Number 2: a penalty does not only deter: it also punishes. Should an injured party be allowed to seek retribution? Some people would say that if a man parks his car knowing full well he is not going to pay the promised fee, it’s only right he should suffer the advertised consequences. Others would say (and in my view they are right): retribution has no place in civil law other than in the very rare instances of exemplary damages awarded by the Court. It is certainly not open to the contracting parties themselves to heap retribution upon each other.
Number 3: Nemo iudex in causa sua – let no-one be a judge in his own cause. Perhaps the most important point of all. Imagine if being a magistrate suddenly became a money-spinner because Parliament decreed they could keep their fines? It doesn’t bear thinking about. It is crucially important for society as whole that anybody performing a judicial act – such as imposing penalties – has no personal interest in the outcome. There has been a great deal in the media recently about aggressive tactics employed by PPCs, and cases of strong mitigation being ignored.” He picked up his own ticket and turned it over, thoughtfully. “And it’s all a direct result of PPCs being allowed to keep their fines.”

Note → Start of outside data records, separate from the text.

(* Let $(H,B_1,B_2)$ be a Rota-Baxter system of Hopf algebras with descendent Hopf algebra $H_{B_1,B_2}$. Then $B_1$ and $B_2$ (restricted to $H_1$) are Hopf algebra homomorphisms from $H_{B_1,B_2}$ to $H$. Moreover, $\operatorname{Im}(B_1)$ and $\operatorname{Im}(B_2)$ are Hopf subalgebras of $H$.
   Context: $\mathbb{F}$ is a field of characteristic $0$; Sweedler notation $\Delta(a)=a_1\otimes a_2$. A Rota-Baxter system of Hopf algebras is a triple $(H,B_1,B_2)$ where $(H,\cdot,1,\Delta,\epsilon,S)$ is a cocommutative Hopf algebra and $B_1,B_2:H\to H$ are coalgebra homomorphisms with $B_1(1)=B_2(1)=1$ such that for all $a,b\in H$: $B_1(a)B_1(b)=B_1(B_1(a_1)bS(B_2(a_2)))$ and $B_2(a)B_2(b)=B_2(B_1(a_1)bS(B_2(a_2)))$. Descendent operation $a\circ b=B_1(a_1)bS(B_2(a_2))$, cocycle $\sigma(a)=B_1(a_1)S(B_2(a_2))$, $H_1=\operatorname{Im}(\sigma)$. The descendent Hopf algebra $H_{B_1,B_2}$ is $H_1$ with product $\circ$, unit $1$, coproduct and counit the restrictions of $\Delta,\epsilon$, and antipode $T(a)=S(B_1(a_1))B_2(a_2)$. *)

theory Defs
  imports Complex_Main
begin

(* Tensors in H (x) H are represented by finite lists of pairs [(x_i,y_i)] standing for
   sum_i x_i (x) y_i.  Two such representatives denote the same tensor iff every
   bilinear form H x H -> k takes the same value on them (H(x)H embeds into its double
   dual), similarly for H(x)H(x)H with trilinear forms.  The coproduct is a map
   Delta :: 'h => ('h * 'h) list choosing a representative of Delta(a). *)

definition sw :: "('h \<Rightarrow> 'h \<Rightarrow> 'c::comm_monoid_add) \<Rightarrow> ('h \<times> 'h) list \<Rightarrow> 'c" where
  "sw f t = (\<Sum>(x, y)\<leftarrow>t. f x y)"

definition bilin :: "('k::field \<Rightarrow> 'h::ab_group_add \<Rightarrow> 'h) \<Rightarrow> ('h \<Rightarrow> 'h \<Rightarrow> 'k) \<Rightarrow> bool" where
  "bilin sc \<beta> \<longleftrightarrow> (\<forall>y. Vector_Spaces.linear sc (*) (\<lambda>x. \<beta> x y)) \<and> (\<forall>x. Vector_Spaces.linear sc (*) (\<beta> x))"

definition trilin :: "('k::field \<Rightarrow> 'h::ab_group_add \<Rightarrow> 'h) \<Rightarrow> ('h \<Rightarrow> 'h \<Rightarrow> 'h \<Rightarrow> 'k) \<Rightarrow> bool" where
  "trilin sc \<tau> \<longleftrightarrow> (\<forall>y z. Vector_Spaces.linear sc (*) (\<lambda>x. \<tau> x y z))
     \<and> (\<forall>x z. Vector_Spaces.linear sc (*) (\<lambda>y. \<tau> x y z))
     \<and> (\<forall>x y. Vector_Spaces.linear sc (*) (\<lambda>z. \<tau> x y z))"

definition tensor_eq :: "('k::field \<Rightarrow> 'h::ab_group_add \<Rightarrow> 'h) \<Rightarrow> ('h \<times> 'h) list \<Rightarrow> ('h \<times> 'h) list \<Rightarrow> bool" where
  "tensor_eq sc t u \<longleftrightarrow> (\<forall>\<beta>. bilin sc \<beta> \<longrightarrow> sw \<beta> t = sw \<beta> u)"

definition cocomm_hopf_algebra ::
  "('k::field \<Rightarrow> 'h::ring_1 \<Rightarrow> 'h) \<Rightarrow> ('h \<Rightarrow> ('h \<times> 'h) list) \<Rightarrow> ('h \<Rightarrow> 'k) \<Rightarrow> ('h \<Rightarrow> 'h) \<Rightarrow> bool" where
  "cocomm_hopf_algebra sc \<Delta> \<epsilon> S \<longleftrightarrow>
     \<comment> \<open>algebra\<close>
     vector_space sc \<and>
     (\<forall>c a b. sc c (a * b) = sc c a * b \<and> sc c (a * b) = a * sc c b) \<and>
     \<comment> \<open>coproduct: linear, coassociative, multiplicative, unital\<close>
     (\<forall>c a b. tensor_eq sc (\<Delta> (sc c a + b))
        (map (\<lambda>(x, y). (sc c x, y)) (\<Delta> a) @ \<Delta> b)) \<and>
     (\<forall>a \<tau>. trilin sc \<tau> \<longrightarrow>
        sw (\<lambda>x y. sw (\<lambda>x' y'. \<tau> x' y' y) (\<Delta> x)) (\<Delta> a)
      = sw (\<lambda>x y. sw (\<lambda>x' y'. \<tau> x x' y') (\<Delta> y)) (\<Delta> a)) \<and>
     (\<forall>a b. tensor_eq sc (\<Delta> (a * b))
        (concat (map (\<lambda>(x, y). map (\<lambda>(x', y'). (x * x', y * y')) (\<Delta> b)) (\<Delta> a)))) \<and>
     tensor_eq sc (\<Delta> 1) [(1, 1)] \<and>
     \<comment> \<open>counit: linear, counit axioms, multiplicative, unital\<close>
     Vector_Spaces.linear sc (*) \<epsilon> \<and>
     (\<forall>a. sw (\<lambda>x y. sc (\<epsilon> x) y) (\<Delta> a) = a \<and> sw (\<lambda>x y. sc (\<epsilon> y) x) (\<Delta> a) = a) \<and>
     (\<forall>a b. \<epsilon> (a * b) = \<epsilon> a * \<epsilon> b) \<and> \<epsilon> 1 = 1 \<and>
     \<comment> \<open>antipode\<close>
     Vector_Spaces.linear sc sc S \<and>
     (\<forall>a. sw (\<lambda>x y. S x * y) (\<Delta> a) = sc (\<epsilon> a) 1 \<and> sw (\<lambda>x y. x * S y) (\<Delta> a) = sc (\<epsilon> a) 1) \<and>
     \<comment> \<open>cocommutativity\<close>
     (\<forall>a. tensor_eq sc (\<Delta> a) (map (\<lambda>(x, y). (y, x)) (\<Delta> a)))"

He gazed at his ticket for a moment, then suddenly blew on it and it burst into flames. Just as the barman looked over, scowling, the ticket burnt itself out into thin air, leaving no ash. The Martian wiggled his eyebrows, signalling he required appreciation. The little crowd of customers who saw it clapped.
“So,” he said. “That’s what the Martians think of your parking policy.”
“Well what do you do then?” I asked.
“We compromise. We have an independent authority, the MPA, which is in charge of licensing all PPCs and regulating their conduct. Without this licence a PPC is not entitled to obtain registered keeper details. Parking tickets – whether for trespass or breach of contract – must be based upon GPEOL and approved by the MPA. Anything above £10 requires special dispensation. PPCs are in addition permitted to charge penalties, but only in accordance with a strict and carefully calculated scale, capped at £20. Most important of all, these penalties are declared separately and are subject to 100% tax. Believe me, the Revenue get on to the PPCs pretty smartly if they don’t pay up.”
My mobile phone vibrated. It was a text from She Who Dictates My Timetable: “Dt even THINK of 1 4 the rd.”
I shoved my Ipad back into my briefcase, promised the Martian I would promulgate his views, and scuttled off home.